(YOUR TASK):
Could you set down exactly the lines of the data below, starting at the one that holds "by (induction j) simp_all" and ending at the one that holds "then obtain j", both included, and only those?

::: LISTED ENTRIES :::

(*
  On a k-regular graph the Grover walk started in d^* e_x takes, after t + 1 steps, the value
  (F_{t+1}(u) - F_t(w)) / sqrt k on the arc (u, w), where F_0 = 0, F_1 = delta_x and
  F_{t+2} = (2/k) A F_{t+1} - F_t for the adjacency operator A.  Perfect state transfer to y
  thus becomes the system F_tau(u) - F_{tau-1}(w) = gamma [w = y] over all arcs.

  On X(Z_{2l}, {a, -a, l}) the characters v |-> omega^v with omega^{2l} = 1 diagonalise A, so
  each Fourier coefficient of F_t satisfies a scalar Chebyshev recursion, and summing the system
  against a character gives linear relations between consecutive coefficients.
  If 3 does not divide l, the numbers 3^t F_{t+1} are integers congruent to 2^t A^t delta_x
  modulo 3; the system forces them to vanish mod 3, against A^(3^j) = A mod 3 (Frobenius) for
  3^j = 1 mod 2l.  If a and l have different parity, omega = -1 gives the coefficient +-2/3,
  whose Chebyshev sequence never vanishes.  Otherwise connectivity forces a, l odd and 3 not
  dividing a, and the characters 1, -1, a primitive cube root and a primitive 2l-th root of
  unity give gamma = 1, tau even with x = y mod 2, and y - x = +-l, which is odd.
*)

theory Submission
  imports Defs "HOL-Library.Real_Mod" "HOL-Number_Theory.Residues"
begin

section \<open>Chebyshev-type recurrences\<close>

fun chebyshev_seq :: "('a \<Rightarrow> 'a) \<Rightarrow> 'a \<Rightarrow> 'a \<Rightarrow> nat \<Rightarrow> 'a::minus" where
  "chebyshev_seq L p q 0 = p"
| "chebyshev_seq L p q (Suc 0) = q"
| "chebyshev_seq L p q (Suc (Suc t)) = L (chebyshev_seq L p q (Suc t)) - chebyshev_seq L p q t"

lemma chebyshev_seq_map:
  assumes "\<And>u v. h (u - v) = h u - h v" and "\<And>u. h (L u) = M (h u)"
  shows "h (chebyshev_seq L p q t) = chebyshev_seq M (h p) (h q) t"
  by (induction t rule: induct_nat_012) (simp_all add: assms)

lemma chebyshev_seq_scale:
  "chebyshev_seq ((*) c) 0 z t = z * chebyshev_seq ((*) c) 0 1 t" for c z :: "'a::comm_ring_1"
  using chebyshev_seq_map[of "(*) z" "(*) c" "(*) c" 0 1 t] by (simp add: algebra_simps)

lemma chebyshev_seq_two: "chebyshev_seq ((*) 2) 0 z t = of_nat t * z" for z :: "'a::comm_ring_1"
  by (induction t rule: induct_nat_012) (simp_all add: algebra_simps)

lemma chebyshev_seq_minus_two:
  "chebyshev_seq ((*) (- 2)) 0 z t = (- 1) ^ Suc t * of_nat t * z" for z :: "'a::comm_ring_1"
  by (induction t rule: induct_nat_012) (simp_all add: algebra_simps)

lemma chebyshev_seq_zero:
  "chebyshev_seq ((*) 0) 0 z (2 * j) = 0 \<and> chebyshev_seq ((*) 0) 0 z (Suc (2 * j)) = (- 1) ^ j * z"
  for z :: "'a::comm_ring_1"
  by (induction j) simp_all

lemma chebyshev_seq_zero_eq_0_imp_even:
  fixes z :: "'a::idom"
  assumes "chebyshev_seq ((*) 0) 0 z t = 0" and "z \<noteq> 0"
  shows "even t"
proof (rule ccontr)
  assume "odd t"
  then obtain j where "t = Suc (2 * j)" by (metis oddE Suc_eq_plus1)
  then show False using assms chebyshev_seq_zero[of z j] by simp
qed

lemma chebyshev_seq_invariant:
  "chebyshev_seq ((*) c) 0 z (Suc t) ^ 2 - c * chebyshev_seq ((*) c) 0 z (Suc t) * chebyshev_seq ((*) c) 0 z t
     + chebyshev_seq ((*) c) 0 z t ^ 2 = z ^ 2" for c z :: "'a::comm_ring_1"
  by (induction t) (simp_all add: algebra_simps power2_eq_square)

lemma chebyshev_seq_third_nonzero:
  fixes m :: int and z :: "'a::field_char_0"
  assumes "\<not> 3 dvd m" and "z \<noteq> 0"
  shows "chebyshev_seq ((*) (of_int m / 3)) 0 z (Suc t) \<noteq> 0"
proof -
  let ?s = "chebyshev_seq ((*) (of_int m / 3 :: 'a)) 0 1"
  have "\<exists>K1 K2. 3 ^ t * ?s (Suc t) = of_int K1 \<and> 3 ^ Suc t * ?s (Suc (Suc t)) = of_int K2
      \<and> \<not> 3 dvd K1 \<and> [K2 = m * K1] (mod 3)"
  proof (induction t)
    case 0
    show ?case by (rule exI[of _ 1], rule exI[of _ m]) simp
  next
    case (Suc t)
    then obtain K1 K2 where K1: "3 ^ t * ?s (Suc t) = of_int K1" and K2: "3 ^ Suc t * ?s (Suc (Suc t)) = of_int K2"
      and "\<not> 3 dvd K1" and "[K2 = m * K1] (mod 3)" by blast
    then have "\<not> 3 dvd K2"
      using assms(1) prime_dvd_mult_iff[of "3::int" m K1]
      by (simp add: prime_int_numeral_eq cong_dvd_iff)
    moreover have "3 ^ Suc (Suc t) * ?s (Suc (Suc (Suc t))) = of_int (m * K2 - 9 * K1)"
    proof -
      have "?s (Suc (Suc (Suc t))) = of_int m / 3 * ?s (Suc (Suc t)) - ?s (Suc t)"
        by (simp only: chebyshev_seq.simps)
      moreover have "3 ^ Suc (Suc t) * (of_int m / 3 * B - A) = of_int m * (3 ^ Suc t * B) - 9 * (3 ^ t * A)"
        for A B :: 'a
        by (simp add: field_simps)
      ultimately show ?thesis
        using K1 K2 by (simp del: chebyshev_seq.simps)
    qed
    moreover have "[m * K2 - 9 * K1 = m * K2] (mod 3)"
      by (simp add: cong_iff_dvd_diff)
    ultimately show ?case using K2 by blast
  qed
  then have "?s (Suc t) \<noteq> 0" by fastforce
  then show ?thesis using assms(2) by (subst chebyshev_seq_scale) simp
qed

section \<open>The Grover walk on a regular graph\<close>

locale regular_sym_graph =
  fixes V :: "'a set" and E :: "'a \<Rightarrow> 'a \<Rightarrow> bool" and k :: nat
  assumes finite_V: "finite V"
    and adj_sym: "u \<in> V \<Longrightarrow> v \<in> V \<Longrightarrow> E u v \<Longrightarrow> E v u"
    and regular: "regular_graph V E k"
begin

definition nbrs :: "'a \<Rightarrow> 'a set" where
  "nbrs u = {p \<in> V. E u p}"

definition adj_sum :: "('a \<Rightarrow> complex) \<Rightarrow> 'a \<Rightarrow> complex" where
  "adj_sum f u = (\<Sum>p\<in>nbrs u. f p)"

definition arc_diff :: "('a \<Rightarrow> complex) \<Rightarrow> ('a \<Rightarrow> complex) \<Rightarrow> 'a \<times> 'a \<Rightarrow> complex" where
  "arc_diff f g e = (if e \<in> arcs V E then f (fst e) - g (snd e) else 0)"

lemma finite_arcs: "finite (arcs V E)"
  by (rule finite_subset[of _ "V \<times> V"]) (auto simp: arcs_def finite_V)

lemma arc_swap: "(u, w) \<in> arcs V E \<Longrightarrow> (w, u) \<in> arcs V E"
  by (auto simp: arcs_def intro: adj_sym)

lemma card_nbrs: "u \<in> V \<Longrightarrow> card (nbrs u) = k"
  using regular by (simp add: regular_graph_def Defs.deg_def nbrs_def)

lemma degree_pos: "(u, w) \<in> arcs V E \<Longrightarrow> k > 0"
  using card_nbrs[of u] finite_V by (auto simp: arcs_def nbrs_def card_gt_0_iff)

lemma arcs_into: "u \<in> V \<Longrightarrow> {b \<in> arcs V E. snd b = u} = (\<lambda>p. (p, u)) ` nbrs u"
  by (auto simp: arcs_def nbrs_def image_iff intro: adj_sym)

lemma grover_arc:
  assumes "(u, w) \<in> arcs V E"
  shows "grover V E (u, w) b = 2 / of_nat k * of_bool (snd b = u) - of_bool (b = (w, u))"
proof -
  have "u \<in> V" using assms by (simp add: arcs_def)
  have deg_u: "Defs.deg V E u = k"
    using card_nbrs[OF \<open>u \<in> V\<close>] by (simp add: Defs.deg_def nbrs_def)
  have "bdry_adj V E (w, u) v * bdry V E v b = (if v = u then of_bool (snd b = u) / of_nat k else 0)" for v
  proof (cases "v = u")
    case True
    have "complex_of_real (1 / sqrt k) * complex_of_real (1 / sqrt k) = 1 / of_nat k"
      by (simp flip: of_real_mult)
    then show ?thesis
      using True by (cases "snd b = u") (simp_all add: bdry_adj_def bdry_def deg_u)
  qed (simp add: bdry_adj_def bdry_def)
  then have "coin V E (w, u) b = 2 / of_nat k * of_bool (snd b = u) - of_bool (b = (w, u))"
    using \<open>u \<in> V\<close> finite_V by (simp add: coin_def eq_commute[of "(w, u)"])
  moreover have "shift (u, w) c * coin V E c b = (if c = (w, u) then coin V E c b else 0)" for c
    by (cases c) (auto simp: shift_def)
  ultimately show ?thesis
    using arc_swap[OF assms] finite_arcs by (simp add: grover_def)
qed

:::

(RESULT):
  by (induction j) simp_all

lemma chebyshev_seq_zero_eq_0_imp_even:
  fixes z :: "'a::idom"
  assumes "chebyshev_seq ((*) 0) 0 z t = 0" and "z \<noteq> 0"
  shows "even t"
proof (rule ccontr)
  assume "odd t"
  then obtain j where "t = Suc (2 * j)" by (metis oddE Suc_eq_plus1)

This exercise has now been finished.